*Exercise objective*
Reprint the entire listing exactly.
══════════════════════════════
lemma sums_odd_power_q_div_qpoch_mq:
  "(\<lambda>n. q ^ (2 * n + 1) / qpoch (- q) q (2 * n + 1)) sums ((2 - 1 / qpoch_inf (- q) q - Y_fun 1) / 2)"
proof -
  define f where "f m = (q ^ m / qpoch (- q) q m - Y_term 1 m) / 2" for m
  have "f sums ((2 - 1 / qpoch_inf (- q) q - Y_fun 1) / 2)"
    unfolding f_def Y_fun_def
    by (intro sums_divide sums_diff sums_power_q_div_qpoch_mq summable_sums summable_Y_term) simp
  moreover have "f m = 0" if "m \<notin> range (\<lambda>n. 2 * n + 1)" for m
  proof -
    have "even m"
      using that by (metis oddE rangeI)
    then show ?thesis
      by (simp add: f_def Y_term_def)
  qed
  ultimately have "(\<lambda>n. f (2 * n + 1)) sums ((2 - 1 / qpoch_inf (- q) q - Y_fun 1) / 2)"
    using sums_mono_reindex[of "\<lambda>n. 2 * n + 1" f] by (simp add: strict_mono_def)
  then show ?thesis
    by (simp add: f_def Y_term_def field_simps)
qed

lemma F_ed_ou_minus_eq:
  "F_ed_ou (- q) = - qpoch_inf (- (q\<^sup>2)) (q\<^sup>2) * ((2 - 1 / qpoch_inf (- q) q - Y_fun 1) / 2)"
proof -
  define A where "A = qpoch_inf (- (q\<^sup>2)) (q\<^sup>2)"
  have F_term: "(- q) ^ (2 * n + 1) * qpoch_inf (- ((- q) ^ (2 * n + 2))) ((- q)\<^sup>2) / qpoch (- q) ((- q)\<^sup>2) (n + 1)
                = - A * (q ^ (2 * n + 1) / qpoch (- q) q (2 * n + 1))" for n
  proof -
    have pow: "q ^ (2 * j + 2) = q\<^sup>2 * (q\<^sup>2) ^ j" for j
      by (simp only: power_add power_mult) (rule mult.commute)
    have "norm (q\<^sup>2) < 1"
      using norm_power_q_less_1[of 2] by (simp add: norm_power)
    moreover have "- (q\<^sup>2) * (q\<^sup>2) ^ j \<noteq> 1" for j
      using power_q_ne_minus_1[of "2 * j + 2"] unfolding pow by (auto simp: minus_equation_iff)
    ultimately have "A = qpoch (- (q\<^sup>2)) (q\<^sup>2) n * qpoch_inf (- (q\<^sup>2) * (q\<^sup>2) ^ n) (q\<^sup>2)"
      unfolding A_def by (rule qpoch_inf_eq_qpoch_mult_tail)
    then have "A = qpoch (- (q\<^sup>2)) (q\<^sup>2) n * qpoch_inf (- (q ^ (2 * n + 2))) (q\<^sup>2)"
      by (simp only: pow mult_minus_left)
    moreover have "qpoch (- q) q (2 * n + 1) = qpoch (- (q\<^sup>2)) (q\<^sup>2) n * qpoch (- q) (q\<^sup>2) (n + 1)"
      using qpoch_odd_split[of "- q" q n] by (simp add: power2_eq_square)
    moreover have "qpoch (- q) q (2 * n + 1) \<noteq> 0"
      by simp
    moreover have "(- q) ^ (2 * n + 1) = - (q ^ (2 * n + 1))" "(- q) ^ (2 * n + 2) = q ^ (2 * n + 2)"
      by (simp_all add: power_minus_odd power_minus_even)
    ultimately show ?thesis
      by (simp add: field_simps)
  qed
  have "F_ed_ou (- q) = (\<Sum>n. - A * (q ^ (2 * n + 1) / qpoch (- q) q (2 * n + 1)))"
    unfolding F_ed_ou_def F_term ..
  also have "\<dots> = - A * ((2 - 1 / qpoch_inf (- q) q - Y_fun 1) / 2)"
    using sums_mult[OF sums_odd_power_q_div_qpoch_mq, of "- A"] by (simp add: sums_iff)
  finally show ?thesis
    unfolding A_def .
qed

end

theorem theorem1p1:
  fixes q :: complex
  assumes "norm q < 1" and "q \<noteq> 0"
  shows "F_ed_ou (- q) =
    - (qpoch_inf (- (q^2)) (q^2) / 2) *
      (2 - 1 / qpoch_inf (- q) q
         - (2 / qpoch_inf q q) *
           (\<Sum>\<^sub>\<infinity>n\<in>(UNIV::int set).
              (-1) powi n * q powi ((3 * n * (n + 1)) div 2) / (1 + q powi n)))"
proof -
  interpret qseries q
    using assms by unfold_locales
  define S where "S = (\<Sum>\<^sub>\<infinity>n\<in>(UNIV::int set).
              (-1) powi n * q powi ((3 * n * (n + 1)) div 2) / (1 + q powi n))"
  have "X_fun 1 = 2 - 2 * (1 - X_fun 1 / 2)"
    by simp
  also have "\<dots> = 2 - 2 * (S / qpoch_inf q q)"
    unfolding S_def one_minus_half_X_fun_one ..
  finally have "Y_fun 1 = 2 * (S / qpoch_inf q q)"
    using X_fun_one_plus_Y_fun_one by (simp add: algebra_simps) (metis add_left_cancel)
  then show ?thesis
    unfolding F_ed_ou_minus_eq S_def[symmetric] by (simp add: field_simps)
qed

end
══════════════════════════════
*Reply to the task*
lemma sums_odd_power_q_div_qpoch_mq:
  "(\<lambda>n. q ^ (2 * n + 1) / qpoch (- q) q (2 * n + 1)) sums ((2 - 1 / qpoch_inf (- q) q - Y_fun 1) / 2)"
proof -
  define f where "f m = (q ^ m / qpoch (- q) q m - Y_term 1 m) / 2" for m
  have "f sums ((2 - 1 / qpoch_inf (- q) q - Y_fun 1) / 2)"
    unfolding f_def Y_fun_def
    by (intro sums_divide sums_diff sums_power_q_div_qpoch_mq summable_sums summable_Y_term) simp
  moreover have "f m = 0" if "m \<notin> range (\<lambda>n. 2 * n + 1)" for m
  proof -
    have "even m"
      using that by (metis oddE rangeI)
    then show ?thesis
      by (simp add: f_def Y_term_def)
  qed
  ultimately have "(\<lambda>n. f (2 * n + 1)) sums ((2 - 1 / qpoch_inf (- q) q - Y_fun 1) / 2)"
    using sums_mono_reindex[of "\<lambda>n. 2 * n + 1" f] by (simp add: strict_mono_def)
  then show ?thesis
    by (simp add: f_def Y_term_def field_simps)
qed

lemma F_ed_ou_minus_eq:
  "F_ed_ou (- q) = - qpoch_inf (- (q\<^sup>2)) (q\<^sup>2) * ((2 - 1 / qpoch_inf (- q) q - Y_fun 1) / 2)"
proof -
  define A where "A = qpoch_inf (- (q\<^sup>2)) (q\<^sup>2)"
  have F_term: "(- q) ^ (2 * n + 1) * qpoch_inf (- ((- q) ^ (2 * n + 2))) ((- q)\<^sup>2) / qpoch (- q) ((- q)\<^sup>2) (n + 1)
                = - A * (q ^ (2 * n + 1) / qpoch (- q) q (2 * n + 1))" for n
  proof -
    have pow: "q ^ (2 * j + 2) = q\<^sup>2 * (q\<^sup>2) ^ j" for j
      by (simp only: power_add power_mult) (rule mult.commute)
    have "norm (q\<^sup>2) < 1"
      using norm_power_q_less_1[of 2] by (simp add: norm_power)
    moreover have "- (q\<^sup>2) * (q\<^sup>2) ^ j \<noteq> 1" for j
      using power_q_ne_minus_1[of "2 * j + 2"] unfolding pow by (auto simp: minus_equation_iff)
    ultimately have "A = qpoch (- (q\<^sup>2)) (q\<^sup>2) n * qpoch_inf (- (q\<^sup>2) * (q\<^sup>2) ^ n) (q\<^sup>2)"
      unfolding A_def by (rule qpoch_inf_eq_qpoch_mult_tail)
    then have "A = qpoch (- (q\<^sup>2)) (q\<^sup>2) n * qpoch_inf (- (q ^ (2 * n + 2))) (q\<^sup>2)"
      by (simp only: pow mult_minus_left)
    moreover have "qpoch (- q) q (2 * n + 1) = qpoch (- (q\<^sup>2)) (q\<^sup>2) n * qpoch (- q) (q\<^sup>2) (n + 1)"
      using qpoch_odd_split[of "- q" q n] by (simp add: power2_eq_square)
    moreover have "qpoch (- q) q (2 * n + 1) \<noteq> 0"
      by simp
    moreover have "(- q) ^ (2 * n + 1) = - (q ^ (2 * n + 1))" "(- q) ^ (2 * n + 2) = q ^ (2 * n + 2)"
      by (simp_all add: power_minus_odd power_minus_even)
    ultimately show ?thesis
      by (simp add: field_simps)
  qed
  have "F_ed_ou (- q) = (\<Sum>n. - A * (q ^ (2 * n + 1) / qpoch (- q) q (2 * n + 1)))"
    unfolding F_ed_ou_def F_term ..
  also have "\<dots> = - A * ((2 - 1 / qpoch_inf (- q) q - Y_fun 1) / 2)"
    using sums_mult[OF sums_odd_power_q_div_qpoch_mq, of "- A"] by (simp add: sums_iff)
  finally show ?thesis
    unfolding A_def .
qed

end

theorem theorem1p1:
  fixes q :: complex
  assumes "norm q < 1" and "q \<noteq> 0"
  shows "F_ed_ou (- q) =
    - (qpoch_inf (- (q^2)) (q^2) / 2) *
      (2 - 1 / qpoch_inf (- q) q
         - (2 / qpoch_inf q q) *
           (\<Sum>\<^sub>\<infinity>n\<in>(UNIV::int set).
              (-1) powi n * q powi ((3 * n * (n + 1)) div 2) / (1 + q powi n)))"
proof -
  interpret qseries q
    using assms by unfold_locales
  define S where "S = (\<Sum>\<^sub>\<infinity>n\<in>(UNIV::int set).
              (-1) powi n * q powi ((3 * n * (n + 1)) div 2) / (1 + q powi n))"
  have "X_fun 1 = 2 - 2 * (1 - X_fun 1 / 2)"
    by simp
  also have "\<dots> = 2 - 2 * (S / qpoch_inf q q)"
    unfolding S_def one_minus_half_X_fun_one ..
  finally have "Y_fun 1 = 2 * (S / qpoch_inf q q)"
    using X_fun_one_plus_Y_fun_one by (simp add: algebra_simps) (metis add_left_cancel)
  then show ?thesis
    unfolding F_ed_ou_minus_eq S_def[symmetric] by (simp add: field_simps)
qed

end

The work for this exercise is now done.